▶ Instructions to follow
Scan the material that follows. Copy every line containing the word "weighted".

▶ Data section
━━━━━━━━━━━━━━━━━━━━━━━━━━━━━━
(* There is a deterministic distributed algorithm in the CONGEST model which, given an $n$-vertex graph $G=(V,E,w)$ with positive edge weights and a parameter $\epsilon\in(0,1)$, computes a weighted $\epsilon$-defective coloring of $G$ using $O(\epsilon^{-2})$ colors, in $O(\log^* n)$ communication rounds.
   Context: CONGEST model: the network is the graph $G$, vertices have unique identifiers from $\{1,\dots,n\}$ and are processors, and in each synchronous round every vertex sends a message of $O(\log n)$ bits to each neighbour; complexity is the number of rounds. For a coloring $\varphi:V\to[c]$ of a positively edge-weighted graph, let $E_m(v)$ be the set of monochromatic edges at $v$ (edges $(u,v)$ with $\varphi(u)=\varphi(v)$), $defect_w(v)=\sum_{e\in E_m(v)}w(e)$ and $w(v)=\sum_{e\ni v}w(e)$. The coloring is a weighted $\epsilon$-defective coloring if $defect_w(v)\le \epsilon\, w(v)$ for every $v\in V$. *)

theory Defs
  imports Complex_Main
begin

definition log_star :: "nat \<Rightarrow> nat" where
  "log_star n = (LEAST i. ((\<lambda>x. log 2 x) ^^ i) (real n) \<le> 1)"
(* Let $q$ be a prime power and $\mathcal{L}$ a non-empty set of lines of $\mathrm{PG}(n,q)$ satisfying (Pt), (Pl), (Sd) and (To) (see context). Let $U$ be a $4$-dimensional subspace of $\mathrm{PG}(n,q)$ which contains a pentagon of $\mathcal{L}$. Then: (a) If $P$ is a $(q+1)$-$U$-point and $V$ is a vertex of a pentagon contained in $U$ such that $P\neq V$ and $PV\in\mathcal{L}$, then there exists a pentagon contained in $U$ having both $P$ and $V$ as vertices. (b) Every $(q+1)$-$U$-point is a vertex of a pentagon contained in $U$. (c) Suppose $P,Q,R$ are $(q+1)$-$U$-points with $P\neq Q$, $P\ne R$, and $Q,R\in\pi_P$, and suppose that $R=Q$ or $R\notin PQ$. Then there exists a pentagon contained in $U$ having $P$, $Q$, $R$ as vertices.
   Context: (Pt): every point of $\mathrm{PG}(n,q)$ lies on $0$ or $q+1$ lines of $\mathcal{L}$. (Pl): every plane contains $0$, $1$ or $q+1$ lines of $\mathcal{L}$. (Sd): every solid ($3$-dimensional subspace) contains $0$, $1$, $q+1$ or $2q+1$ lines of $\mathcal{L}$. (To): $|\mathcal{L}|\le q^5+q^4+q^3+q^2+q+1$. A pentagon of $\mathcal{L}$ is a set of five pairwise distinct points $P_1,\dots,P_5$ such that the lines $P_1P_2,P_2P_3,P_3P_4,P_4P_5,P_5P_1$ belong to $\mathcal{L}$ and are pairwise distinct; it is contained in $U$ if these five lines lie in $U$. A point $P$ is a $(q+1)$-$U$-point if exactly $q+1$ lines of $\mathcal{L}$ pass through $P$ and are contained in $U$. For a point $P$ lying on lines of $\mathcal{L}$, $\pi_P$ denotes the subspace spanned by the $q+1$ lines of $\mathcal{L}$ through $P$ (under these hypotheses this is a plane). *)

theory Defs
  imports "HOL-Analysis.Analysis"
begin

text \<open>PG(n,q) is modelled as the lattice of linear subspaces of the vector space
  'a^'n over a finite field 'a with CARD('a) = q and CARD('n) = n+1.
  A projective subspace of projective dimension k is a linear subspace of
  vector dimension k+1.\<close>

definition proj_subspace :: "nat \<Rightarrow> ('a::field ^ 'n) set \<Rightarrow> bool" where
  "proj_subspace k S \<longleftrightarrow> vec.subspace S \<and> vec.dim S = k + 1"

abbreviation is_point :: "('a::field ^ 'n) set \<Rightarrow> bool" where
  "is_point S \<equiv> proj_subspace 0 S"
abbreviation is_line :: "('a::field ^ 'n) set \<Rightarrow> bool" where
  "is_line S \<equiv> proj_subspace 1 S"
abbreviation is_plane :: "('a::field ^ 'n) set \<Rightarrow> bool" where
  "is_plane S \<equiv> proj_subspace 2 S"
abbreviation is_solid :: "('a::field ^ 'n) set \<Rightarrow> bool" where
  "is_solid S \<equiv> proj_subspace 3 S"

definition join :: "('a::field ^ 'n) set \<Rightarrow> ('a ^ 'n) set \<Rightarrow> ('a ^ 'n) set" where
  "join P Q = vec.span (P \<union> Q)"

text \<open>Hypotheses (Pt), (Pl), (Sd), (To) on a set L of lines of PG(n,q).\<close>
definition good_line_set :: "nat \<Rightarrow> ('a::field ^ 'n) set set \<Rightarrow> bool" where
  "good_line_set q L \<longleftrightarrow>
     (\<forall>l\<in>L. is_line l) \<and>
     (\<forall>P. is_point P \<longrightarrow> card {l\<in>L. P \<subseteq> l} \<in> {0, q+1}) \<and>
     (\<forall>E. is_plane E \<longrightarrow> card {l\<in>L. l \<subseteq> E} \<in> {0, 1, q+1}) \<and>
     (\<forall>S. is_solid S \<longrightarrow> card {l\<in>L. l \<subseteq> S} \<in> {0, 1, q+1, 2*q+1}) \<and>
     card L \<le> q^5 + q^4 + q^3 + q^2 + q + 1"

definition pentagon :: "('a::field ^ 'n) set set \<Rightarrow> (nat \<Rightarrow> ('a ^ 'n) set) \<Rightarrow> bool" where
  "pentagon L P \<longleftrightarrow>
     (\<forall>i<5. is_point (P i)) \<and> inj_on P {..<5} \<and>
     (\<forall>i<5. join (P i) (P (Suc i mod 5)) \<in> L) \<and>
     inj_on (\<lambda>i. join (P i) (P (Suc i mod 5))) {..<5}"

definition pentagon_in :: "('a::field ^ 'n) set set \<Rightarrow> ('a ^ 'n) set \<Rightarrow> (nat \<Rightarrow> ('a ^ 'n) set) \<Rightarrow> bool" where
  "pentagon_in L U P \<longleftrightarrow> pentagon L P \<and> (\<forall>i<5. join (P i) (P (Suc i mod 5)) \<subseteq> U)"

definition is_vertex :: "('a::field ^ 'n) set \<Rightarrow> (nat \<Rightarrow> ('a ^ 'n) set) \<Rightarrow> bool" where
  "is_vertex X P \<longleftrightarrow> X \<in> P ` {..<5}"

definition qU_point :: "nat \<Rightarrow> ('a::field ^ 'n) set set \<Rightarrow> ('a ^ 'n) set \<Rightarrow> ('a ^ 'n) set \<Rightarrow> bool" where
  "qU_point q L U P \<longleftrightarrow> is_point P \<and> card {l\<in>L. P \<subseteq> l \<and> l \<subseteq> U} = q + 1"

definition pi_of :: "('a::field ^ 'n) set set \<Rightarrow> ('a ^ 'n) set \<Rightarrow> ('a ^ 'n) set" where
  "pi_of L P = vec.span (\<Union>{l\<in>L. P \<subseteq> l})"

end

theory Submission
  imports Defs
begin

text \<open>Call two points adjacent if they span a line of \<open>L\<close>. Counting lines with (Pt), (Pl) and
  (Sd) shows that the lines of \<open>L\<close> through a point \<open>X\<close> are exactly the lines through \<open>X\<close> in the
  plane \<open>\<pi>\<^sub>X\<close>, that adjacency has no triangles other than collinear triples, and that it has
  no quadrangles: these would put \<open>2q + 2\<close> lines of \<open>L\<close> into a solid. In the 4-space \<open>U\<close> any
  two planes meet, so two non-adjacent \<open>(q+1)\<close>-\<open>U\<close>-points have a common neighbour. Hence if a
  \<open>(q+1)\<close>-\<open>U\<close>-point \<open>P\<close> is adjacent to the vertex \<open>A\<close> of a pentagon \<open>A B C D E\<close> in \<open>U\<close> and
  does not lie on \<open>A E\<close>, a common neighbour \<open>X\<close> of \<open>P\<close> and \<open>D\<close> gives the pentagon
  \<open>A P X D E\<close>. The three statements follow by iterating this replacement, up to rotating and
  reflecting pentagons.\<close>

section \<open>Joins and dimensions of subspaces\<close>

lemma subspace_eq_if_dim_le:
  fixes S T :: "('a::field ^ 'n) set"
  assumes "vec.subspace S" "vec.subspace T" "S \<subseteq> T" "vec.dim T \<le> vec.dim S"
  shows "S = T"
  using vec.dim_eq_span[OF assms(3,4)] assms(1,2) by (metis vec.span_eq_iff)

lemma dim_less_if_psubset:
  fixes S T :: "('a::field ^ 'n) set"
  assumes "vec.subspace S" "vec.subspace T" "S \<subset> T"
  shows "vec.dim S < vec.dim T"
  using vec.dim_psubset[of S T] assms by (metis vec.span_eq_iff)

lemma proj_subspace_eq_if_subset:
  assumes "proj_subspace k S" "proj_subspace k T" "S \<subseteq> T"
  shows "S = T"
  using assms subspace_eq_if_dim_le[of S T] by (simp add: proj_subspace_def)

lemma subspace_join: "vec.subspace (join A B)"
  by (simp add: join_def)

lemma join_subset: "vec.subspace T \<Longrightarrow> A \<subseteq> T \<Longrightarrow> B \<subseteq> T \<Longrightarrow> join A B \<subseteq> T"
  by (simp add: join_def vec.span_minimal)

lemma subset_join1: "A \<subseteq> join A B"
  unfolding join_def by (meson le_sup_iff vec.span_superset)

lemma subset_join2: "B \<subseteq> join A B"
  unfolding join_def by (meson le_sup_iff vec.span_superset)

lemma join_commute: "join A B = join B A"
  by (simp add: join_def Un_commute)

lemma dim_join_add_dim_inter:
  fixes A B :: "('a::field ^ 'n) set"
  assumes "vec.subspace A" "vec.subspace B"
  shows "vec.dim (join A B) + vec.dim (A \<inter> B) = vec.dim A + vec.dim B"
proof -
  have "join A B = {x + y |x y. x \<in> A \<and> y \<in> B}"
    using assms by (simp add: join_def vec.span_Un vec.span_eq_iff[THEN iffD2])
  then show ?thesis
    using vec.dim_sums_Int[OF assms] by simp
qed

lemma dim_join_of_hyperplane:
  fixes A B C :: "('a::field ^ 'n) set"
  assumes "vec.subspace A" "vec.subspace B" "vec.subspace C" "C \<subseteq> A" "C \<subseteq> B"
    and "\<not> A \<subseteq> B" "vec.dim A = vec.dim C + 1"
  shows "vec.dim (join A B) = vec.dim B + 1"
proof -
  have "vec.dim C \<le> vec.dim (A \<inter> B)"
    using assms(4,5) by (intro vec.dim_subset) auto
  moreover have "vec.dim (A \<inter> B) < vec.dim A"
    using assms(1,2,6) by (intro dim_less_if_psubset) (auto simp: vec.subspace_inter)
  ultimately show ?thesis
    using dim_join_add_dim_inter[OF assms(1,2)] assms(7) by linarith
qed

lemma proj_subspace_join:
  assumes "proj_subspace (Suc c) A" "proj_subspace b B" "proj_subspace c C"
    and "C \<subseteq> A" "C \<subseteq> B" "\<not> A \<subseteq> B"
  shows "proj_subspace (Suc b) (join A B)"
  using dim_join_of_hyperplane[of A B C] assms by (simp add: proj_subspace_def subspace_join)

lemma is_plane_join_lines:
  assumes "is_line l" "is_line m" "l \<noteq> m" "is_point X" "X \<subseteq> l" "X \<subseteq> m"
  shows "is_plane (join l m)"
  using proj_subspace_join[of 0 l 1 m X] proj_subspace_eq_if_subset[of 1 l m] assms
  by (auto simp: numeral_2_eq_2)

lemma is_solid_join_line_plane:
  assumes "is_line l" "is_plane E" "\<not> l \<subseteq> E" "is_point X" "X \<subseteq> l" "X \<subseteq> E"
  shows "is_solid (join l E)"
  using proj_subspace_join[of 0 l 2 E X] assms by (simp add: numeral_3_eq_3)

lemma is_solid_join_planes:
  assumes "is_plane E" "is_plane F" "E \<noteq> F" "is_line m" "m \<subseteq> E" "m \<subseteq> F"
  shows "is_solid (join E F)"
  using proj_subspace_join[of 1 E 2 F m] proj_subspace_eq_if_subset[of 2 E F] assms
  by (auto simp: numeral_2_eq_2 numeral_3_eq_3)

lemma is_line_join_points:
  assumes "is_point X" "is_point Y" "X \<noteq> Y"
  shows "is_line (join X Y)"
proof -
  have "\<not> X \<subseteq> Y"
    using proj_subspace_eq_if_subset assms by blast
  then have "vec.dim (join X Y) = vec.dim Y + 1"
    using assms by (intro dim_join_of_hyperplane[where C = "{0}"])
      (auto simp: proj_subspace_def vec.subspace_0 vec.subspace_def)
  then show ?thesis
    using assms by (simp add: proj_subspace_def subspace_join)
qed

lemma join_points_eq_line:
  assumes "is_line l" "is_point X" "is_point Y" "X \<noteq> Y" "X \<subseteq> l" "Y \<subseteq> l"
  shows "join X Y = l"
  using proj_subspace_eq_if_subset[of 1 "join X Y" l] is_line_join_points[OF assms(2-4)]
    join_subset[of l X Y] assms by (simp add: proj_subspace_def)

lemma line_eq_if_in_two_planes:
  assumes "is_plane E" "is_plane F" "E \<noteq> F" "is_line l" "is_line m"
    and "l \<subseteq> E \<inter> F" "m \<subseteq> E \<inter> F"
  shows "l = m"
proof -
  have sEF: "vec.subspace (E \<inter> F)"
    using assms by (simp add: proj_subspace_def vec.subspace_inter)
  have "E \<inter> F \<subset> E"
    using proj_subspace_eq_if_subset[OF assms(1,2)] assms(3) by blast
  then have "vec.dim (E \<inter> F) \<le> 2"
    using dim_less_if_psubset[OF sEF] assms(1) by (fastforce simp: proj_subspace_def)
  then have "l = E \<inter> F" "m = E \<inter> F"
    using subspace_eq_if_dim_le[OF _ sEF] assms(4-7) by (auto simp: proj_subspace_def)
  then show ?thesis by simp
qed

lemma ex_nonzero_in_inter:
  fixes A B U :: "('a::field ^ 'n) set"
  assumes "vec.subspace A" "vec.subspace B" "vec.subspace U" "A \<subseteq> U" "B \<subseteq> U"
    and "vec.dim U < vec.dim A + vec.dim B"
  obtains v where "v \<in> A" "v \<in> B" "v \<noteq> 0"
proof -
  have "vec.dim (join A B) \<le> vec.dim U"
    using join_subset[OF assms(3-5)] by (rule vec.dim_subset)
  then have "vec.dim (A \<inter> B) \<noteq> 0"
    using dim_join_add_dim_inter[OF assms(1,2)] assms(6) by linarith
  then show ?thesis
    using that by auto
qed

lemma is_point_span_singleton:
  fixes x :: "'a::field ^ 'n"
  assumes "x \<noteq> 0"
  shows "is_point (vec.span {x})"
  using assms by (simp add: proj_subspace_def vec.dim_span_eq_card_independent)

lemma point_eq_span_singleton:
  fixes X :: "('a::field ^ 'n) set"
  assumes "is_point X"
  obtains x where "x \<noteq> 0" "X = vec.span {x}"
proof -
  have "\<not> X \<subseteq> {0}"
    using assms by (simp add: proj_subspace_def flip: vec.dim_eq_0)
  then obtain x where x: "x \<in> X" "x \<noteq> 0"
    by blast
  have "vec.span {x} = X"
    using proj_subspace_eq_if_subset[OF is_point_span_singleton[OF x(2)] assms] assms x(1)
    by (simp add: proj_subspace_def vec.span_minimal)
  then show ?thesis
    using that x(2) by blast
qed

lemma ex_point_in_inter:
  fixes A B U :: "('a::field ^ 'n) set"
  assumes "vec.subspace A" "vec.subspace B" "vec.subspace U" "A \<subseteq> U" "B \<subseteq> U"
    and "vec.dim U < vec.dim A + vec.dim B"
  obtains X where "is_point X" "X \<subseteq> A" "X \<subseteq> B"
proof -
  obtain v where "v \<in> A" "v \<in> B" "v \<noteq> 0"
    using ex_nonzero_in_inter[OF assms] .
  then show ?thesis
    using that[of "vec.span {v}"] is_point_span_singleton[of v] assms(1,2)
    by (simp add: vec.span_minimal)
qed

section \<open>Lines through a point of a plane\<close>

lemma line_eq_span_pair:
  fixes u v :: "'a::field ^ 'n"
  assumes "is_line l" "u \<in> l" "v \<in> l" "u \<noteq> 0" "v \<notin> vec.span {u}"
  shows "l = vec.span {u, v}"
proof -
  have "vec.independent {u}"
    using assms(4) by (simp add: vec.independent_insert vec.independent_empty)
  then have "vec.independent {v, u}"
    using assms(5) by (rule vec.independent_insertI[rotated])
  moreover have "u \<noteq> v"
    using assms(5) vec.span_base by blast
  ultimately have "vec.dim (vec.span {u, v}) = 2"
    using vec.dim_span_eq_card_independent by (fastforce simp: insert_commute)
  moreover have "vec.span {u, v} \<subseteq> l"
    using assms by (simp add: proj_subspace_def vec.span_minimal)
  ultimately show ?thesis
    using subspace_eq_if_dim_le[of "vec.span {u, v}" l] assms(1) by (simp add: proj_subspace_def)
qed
━━━━━━━━━━━━━━━━━━━━━━━━━━━━━━
▶ Completed exercise
(* There is a deterministic distributed algorithm in the CONGEST model which, given an $n$-vertex graph $G=(V,E,w)$ with positive edge weights and a parameter $\epsilon\in(0,1)$, computes a weighted $\epsilon$-defective coloring of $G$ using $O(\epsilon^{-2})$ colors, in $O(\log^* n)$ communication rounds.
   Context: CONGEST model: the network is the graph $G$, vertices have unique identifiers from $\{1,\dots,n\}$ and are processors, and in each synchronous round every vertex sends a message of $O(\log n)$ bits to each neighbour; complexity is the number of rounds. For a coloring $\varphi:V\to[c]$ of a positively edge-weighted graph, let $E_m(v)$ be the set of monochromatic edges at $v$ (edges $(u,v)$ with $\varphi(u)=\varphi(v)$), $defect_w(v)=\sum_{e\in E_m(v)}w(e)$ and $w(v)=\sum_{e\ni v}w(e)$. The coloring is a weighted $\epsilon$-defective coloring if $defect_w(v)\le \epsilon\, w(v)$ for every $v\in V$. *)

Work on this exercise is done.